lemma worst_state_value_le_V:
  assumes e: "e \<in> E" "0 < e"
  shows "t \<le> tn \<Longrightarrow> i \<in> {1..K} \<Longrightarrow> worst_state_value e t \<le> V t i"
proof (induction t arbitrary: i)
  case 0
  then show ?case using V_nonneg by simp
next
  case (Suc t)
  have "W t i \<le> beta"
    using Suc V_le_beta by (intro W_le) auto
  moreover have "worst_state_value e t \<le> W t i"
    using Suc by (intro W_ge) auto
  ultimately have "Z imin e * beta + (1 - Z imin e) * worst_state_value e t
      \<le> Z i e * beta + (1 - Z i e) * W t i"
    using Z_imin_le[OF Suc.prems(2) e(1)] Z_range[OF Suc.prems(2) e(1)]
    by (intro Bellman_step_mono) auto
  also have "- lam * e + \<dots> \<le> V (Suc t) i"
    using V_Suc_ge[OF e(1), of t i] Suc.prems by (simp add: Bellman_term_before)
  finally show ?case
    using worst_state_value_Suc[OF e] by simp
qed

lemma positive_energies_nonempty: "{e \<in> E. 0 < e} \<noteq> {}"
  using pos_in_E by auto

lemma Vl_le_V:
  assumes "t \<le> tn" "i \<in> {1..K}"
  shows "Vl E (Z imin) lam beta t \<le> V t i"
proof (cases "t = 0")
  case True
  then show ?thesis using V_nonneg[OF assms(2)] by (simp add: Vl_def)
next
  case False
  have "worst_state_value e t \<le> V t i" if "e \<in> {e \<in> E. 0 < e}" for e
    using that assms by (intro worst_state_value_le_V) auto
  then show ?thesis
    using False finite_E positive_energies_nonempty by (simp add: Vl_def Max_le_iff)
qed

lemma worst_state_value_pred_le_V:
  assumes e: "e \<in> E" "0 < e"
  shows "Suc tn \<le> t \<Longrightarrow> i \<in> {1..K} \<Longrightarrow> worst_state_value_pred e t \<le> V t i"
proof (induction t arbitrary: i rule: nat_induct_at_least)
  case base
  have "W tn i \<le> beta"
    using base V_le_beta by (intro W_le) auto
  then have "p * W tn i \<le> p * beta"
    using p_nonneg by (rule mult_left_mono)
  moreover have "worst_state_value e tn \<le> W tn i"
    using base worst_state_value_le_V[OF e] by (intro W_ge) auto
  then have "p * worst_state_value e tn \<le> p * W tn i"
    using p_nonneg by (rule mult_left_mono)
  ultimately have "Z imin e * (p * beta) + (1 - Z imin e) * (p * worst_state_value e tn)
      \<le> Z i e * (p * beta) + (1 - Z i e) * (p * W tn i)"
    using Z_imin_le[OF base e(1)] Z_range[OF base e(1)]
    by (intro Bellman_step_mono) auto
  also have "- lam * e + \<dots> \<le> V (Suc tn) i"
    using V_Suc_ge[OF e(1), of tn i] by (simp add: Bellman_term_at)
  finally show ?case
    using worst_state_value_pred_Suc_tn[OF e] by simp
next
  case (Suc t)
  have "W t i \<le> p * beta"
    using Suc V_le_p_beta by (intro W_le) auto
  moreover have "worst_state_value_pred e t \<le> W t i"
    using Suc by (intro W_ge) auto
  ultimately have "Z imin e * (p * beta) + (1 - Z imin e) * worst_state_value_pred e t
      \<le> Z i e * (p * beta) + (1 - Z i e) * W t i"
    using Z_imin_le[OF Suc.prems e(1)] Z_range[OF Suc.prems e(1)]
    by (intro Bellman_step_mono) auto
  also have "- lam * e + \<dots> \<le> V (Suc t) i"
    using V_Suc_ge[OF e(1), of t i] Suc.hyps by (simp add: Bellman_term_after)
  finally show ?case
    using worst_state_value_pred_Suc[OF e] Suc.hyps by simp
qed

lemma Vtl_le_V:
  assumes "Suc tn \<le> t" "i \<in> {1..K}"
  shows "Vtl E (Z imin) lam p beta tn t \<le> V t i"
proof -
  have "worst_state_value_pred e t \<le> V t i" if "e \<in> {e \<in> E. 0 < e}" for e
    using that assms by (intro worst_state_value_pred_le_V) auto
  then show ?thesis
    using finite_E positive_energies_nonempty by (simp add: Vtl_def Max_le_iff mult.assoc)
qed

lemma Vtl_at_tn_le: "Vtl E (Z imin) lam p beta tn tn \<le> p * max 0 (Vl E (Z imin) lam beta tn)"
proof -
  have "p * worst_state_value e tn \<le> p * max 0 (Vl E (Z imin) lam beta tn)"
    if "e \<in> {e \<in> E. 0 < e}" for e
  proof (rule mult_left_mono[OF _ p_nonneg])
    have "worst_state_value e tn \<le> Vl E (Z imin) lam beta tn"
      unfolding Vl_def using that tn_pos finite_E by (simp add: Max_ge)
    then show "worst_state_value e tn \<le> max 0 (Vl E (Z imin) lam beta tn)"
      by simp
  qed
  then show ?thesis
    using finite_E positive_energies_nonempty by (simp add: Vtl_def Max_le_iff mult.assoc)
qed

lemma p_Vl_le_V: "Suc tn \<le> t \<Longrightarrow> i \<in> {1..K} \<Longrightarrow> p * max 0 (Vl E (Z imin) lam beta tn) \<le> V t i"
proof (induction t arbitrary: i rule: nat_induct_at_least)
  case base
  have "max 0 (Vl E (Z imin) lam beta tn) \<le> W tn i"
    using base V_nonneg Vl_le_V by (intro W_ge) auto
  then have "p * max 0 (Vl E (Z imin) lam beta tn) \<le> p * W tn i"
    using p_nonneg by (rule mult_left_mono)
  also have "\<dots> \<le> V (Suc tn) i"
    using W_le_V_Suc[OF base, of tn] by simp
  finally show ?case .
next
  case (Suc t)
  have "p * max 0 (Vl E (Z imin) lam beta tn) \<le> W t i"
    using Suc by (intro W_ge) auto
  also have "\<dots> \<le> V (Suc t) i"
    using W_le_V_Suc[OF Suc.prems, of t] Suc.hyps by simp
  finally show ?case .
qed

_Your objective_.
The answer must hold exactly the lines of the entries above, from the first line through the line that contains "Z i e * beta", and no others.

_Response to the task_.
lemma worst_state_value_le_V:
  assumes e: "e \<in> E" "0 < e"
  shows "t \<le> tn \<Longrightarrow> i \<in> {1..K} \<Longrightarrow> worst_state_value e t \<le> V t i"
proof (induction t arbitrary: i)
  case 0
  then show ?case using V_nonneg by simp
next
  case (Suc t)
  have "W t i \<le> beta"
    using Suc V_le_beta by (intro W_le) auto
  moreover have "worst_state_value e t \<le> W t i"
    using Suc by (intro W_ge) auto
  ultimately have "Z imin e * beta + (1 - Z imin e) * worst_state_value e t
      \<le> Z i e * beta + (1 - Z i e) * W t i"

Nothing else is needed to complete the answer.